** Opening Source data block **

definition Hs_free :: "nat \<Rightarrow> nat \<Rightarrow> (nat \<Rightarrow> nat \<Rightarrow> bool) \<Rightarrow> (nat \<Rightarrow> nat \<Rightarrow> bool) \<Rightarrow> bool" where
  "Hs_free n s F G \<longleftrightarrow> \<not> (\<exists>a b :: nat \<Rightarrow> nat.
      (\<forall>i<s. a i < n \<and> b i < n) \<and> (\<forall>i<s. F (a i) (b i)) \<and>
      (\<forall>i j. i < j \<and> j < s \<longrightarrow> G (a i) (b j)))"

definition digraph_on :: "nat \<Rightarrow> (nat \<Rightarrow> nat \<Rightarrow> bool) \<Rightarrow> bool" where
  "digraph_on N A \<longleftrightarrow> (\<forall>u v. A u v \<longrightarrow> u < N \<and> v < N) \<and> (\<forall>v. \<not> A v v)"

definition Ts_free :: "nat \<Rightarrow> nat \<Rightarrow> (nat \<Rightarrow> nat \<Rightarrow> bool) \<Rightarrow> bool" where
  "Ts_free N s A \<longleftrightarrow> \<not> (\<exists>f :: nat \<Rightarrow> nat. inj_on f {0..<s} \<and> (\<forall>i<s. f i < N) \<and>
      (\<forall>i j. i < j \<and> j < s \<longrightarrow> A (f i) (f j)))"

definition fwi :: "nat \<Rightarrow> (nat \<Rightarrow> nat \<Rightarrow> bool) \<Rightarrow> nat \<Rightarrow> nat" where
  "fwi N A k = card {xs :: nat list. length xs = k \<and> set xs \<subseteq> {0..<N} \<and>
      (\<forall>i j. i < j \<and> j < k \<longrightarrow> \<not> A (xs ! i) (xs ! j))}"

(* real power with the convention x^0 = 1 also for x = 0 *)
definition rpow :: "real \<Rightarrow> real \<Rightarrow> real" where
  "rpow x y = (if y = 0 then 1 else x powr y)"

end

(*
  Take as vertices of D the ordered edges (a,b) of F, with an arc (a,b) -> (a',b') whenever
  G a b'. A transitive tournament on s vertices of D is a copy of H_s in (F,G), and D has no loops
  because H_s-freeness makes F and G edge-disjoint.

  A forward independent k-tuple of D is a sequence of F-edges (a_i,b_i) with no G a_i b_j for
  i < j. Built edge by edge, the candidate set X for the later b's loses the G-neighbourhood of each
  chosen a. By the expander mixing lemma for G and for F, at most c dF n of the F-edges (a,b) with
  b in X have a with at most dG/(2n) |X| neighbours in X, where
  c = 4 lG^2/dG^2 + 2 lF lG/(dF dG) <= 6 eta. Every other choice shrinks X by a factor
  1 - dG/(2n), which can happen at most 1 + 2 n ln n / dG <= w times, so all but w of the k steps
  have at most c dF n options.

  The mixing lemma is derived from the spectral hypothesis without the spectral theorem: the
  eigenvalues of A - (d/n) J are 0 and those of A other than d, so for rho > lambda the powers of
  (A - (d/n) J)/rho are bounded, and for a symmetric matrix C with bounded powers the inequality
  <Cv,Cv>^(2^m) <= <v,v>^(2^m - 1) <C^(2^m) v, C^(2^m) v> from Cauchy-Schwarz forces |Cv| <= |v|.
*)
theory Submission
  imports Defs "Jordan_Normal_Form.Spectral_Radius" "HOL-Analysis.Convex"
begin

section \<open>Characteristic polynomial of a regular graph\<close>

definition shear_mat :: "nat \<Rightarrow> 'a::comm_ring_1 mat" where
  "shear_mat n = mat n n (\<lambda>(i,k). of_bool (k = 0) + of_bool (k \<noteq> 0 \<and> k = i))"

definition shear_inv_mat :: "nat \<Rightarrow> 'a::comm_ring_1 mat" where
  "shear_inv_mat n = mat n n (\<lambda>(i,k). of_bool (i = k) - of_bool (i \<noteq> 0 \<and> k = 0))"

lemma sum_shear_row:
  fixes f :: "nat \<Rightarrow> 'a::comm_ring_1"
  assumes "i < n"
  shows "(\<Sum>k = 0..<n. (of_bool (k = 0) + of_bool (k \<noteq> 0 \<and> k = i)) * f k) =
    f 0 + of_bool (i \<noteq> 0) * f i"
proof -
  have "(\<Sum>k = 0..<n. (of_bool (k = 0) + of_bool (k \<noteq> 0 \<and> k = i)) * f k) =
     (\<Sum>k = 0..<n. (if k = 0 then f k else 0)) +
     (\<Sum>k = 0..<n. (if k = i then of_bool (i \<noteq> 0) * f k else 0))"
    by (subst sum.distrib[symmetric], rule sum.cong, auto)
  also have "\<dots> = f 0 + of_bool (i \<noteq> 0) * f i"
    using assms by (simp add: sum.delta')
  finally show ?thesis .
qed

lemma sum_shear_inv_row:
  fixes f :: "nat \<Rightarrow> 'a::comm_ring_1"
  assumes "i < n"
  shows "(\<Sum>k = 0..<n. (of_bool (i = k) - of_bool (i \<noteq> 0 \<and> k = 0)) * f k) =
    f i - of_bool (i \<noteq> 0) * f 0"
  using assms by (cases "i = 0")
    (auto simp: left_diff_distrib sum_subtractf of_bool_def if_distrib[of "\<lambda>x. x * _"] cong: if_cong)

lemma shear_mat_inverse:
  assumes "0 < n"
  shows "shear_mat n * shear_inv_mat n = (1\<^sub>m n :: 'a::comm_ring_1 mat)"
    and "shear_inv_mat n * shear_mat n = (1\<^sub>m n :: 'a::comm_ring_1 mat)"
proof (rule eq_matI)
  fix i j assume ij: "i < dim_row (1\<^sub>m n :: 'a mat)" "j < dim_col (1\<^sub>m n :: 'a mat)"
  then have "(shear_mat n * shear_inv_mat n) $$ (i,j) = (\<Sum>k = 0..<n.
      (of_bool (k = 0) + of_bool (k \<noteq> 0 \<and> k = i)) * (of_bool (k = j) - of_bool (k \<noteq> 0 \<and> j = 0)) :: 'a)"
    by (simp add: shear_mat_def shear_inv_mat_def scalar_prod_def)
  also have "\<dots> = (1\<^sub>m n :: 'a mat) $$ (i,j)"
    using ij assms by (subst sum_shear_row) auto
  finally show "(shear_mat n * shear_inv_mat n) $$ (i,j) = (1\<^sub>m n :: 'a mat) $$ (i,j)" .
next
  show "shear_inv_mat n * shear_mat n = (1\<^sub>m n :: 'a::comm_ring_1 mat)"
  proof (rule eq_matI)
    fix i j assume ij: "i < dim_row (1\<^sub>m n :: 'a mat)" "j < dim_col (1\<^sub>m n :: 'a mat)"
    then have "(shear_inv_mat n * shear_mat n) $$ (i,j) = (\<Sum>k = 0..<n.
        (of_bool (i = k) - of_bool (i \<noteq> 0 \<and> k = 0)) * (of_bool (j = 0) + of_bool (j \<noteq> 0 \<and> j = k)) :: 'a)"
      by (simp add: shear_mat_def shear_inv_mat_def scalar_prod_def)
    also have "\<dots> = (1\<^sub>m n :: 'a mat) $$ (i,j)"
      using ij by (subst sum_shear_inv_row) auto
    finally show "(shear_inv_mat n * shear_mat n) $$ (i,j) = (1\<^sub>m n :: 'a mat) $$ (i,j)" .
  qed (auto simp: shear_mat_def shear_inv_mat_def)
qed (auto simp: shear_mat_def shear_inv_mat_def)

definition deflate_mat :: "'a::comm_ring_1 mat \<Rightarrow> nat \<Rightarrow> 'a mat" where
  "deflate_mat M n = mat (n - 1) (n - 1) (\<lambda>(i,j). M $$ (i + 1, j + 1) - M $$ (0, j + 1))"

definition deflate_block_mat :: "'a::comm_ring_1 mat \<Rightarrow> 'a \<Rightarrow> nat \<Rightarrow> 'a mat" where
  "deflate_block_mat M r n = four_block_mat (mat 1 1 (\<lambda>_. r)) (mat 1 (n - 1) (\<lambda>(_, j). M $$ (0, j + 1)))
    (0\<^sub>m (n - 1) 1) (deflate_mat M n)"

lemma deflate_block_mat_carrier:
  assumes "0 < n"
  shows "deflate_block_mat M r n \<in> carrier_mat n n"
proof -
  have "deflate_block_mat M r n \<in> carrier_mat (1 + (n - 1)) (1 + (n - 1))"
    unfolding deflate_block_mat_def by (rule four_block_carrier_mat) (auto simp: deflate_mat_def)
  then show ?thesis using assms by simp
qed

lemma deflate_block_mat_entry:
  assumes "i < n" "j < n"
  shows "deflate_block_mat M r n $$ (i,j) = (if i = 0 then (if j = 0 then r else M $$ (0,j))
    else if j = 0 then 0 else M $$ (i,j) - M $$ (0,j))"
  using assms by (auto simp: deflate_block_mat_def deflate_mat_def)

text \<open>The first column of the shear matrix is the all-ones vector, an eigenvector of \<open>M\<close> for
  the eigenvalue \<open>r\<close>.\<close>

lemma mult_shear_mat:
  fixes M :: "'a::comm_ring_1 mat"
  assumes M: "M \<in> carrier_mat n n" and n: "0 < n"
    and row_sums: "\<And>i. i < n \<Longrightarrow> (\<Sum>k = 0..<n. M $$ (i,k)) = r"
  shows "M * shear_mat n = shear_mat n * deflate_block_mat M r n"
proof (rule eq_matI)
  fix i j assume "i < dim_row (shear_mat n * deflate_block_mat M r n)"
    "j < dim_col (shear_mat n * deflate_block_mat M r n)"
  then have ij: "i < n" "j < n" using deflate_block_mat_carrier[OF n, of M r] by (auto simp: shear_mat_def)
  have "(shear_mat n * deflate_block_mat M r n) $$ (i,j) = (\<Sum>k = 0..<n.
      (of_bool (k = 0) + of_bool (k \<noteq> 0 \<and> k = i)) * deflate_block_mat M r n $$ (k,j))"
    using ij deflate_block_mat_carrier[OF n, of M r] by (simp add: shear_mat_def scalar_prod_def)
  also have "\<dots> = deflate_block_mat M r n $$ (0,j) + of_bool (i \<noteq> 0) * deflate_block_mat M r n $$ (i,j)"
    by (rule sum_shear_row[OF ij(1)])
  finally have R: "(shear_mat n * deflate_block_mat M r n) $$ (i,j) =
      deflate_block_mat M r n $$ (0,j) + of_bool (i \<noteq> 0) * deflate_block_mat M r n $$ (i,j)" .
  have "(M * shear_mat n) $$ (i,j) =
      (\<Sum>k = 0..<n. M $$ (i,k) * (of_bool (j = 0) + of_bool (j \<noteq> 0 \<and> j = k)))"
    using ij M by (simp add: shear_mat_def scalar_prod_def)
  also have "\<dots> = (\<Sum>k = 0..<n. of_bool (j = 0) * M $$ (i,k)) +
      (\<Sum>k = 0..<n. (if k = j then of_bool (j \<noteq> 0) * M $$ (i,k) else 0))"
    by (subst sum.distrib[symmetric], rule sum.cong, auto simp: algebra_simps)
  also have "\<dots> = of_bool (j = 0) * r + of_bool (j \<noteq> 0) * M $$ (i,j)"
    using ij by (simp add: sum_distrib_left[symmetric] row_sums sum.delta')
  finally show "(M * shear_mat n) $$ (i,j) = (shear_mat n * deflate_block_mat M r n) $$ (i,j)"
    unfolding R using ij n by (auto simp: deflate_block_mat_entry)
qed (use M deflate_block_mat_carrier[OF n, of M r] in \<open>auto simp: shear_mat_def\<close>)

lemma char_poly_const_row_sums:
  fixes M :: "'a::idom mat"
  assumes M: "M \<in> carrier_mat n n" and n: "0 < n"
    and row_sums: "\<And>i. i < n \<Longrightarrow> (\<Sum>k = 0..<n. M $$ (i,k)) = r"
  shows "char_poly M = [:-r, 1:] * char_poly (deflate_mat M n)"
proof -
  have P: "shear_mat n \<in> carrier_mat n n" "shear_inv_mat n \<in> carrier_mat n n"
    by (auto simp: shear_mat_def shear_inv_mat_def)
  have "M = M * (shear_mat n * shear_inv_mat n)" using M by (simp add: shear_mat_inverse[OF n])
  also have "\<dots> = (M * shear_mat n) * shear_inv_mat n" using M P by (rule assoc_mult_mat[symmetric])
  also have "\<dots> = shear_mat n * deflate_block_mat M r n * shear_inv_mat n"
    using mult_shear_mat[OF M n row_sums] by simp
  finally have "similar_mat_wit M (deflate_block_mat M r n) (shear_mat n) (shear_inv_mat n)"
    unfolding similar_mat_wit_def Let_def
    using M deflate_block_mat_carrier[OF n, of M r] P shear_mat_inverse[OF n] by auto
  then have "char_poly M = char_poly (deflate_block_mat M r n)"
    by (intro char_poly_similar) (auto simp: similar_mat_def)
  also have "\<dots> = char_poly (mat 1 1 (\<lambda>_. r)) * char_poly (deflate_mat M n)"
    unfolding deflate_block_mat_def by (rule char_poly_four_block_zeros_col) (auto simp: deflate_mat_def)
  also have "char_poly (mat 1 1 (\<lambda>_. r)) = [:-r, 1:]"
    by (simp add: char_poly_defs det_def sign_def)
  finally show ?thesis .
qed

** Closing Source data block **

• _Exercise requirements_:
Among the lines above, repeat exactly those from the line with "c = 4 lG^2/dG^2" to the line with "(A - (d/n) J)/rho", counting both ends.

• _Task output_:
  c = 4 lG^2/dG^2 + 2 lF lG/(dF dG) <= 6 eta. Every other choice shrinks X by a factor
  1 - dG/(2n), which can happen at most 1 + 2 n ln n / dG <= w times, so all but w of the k steps
  have at most c dF n options.

  The mixing lemma is derived from the spectral hypothesis without the spectral theorem: the
  eigenvalues of A - (d/n) J are 0 and those of A other than d, so for rho > lambda the powers of
  (A - (d/n) J)/rho are bounded, and for a symmetric matrix C with bounded powers the inequality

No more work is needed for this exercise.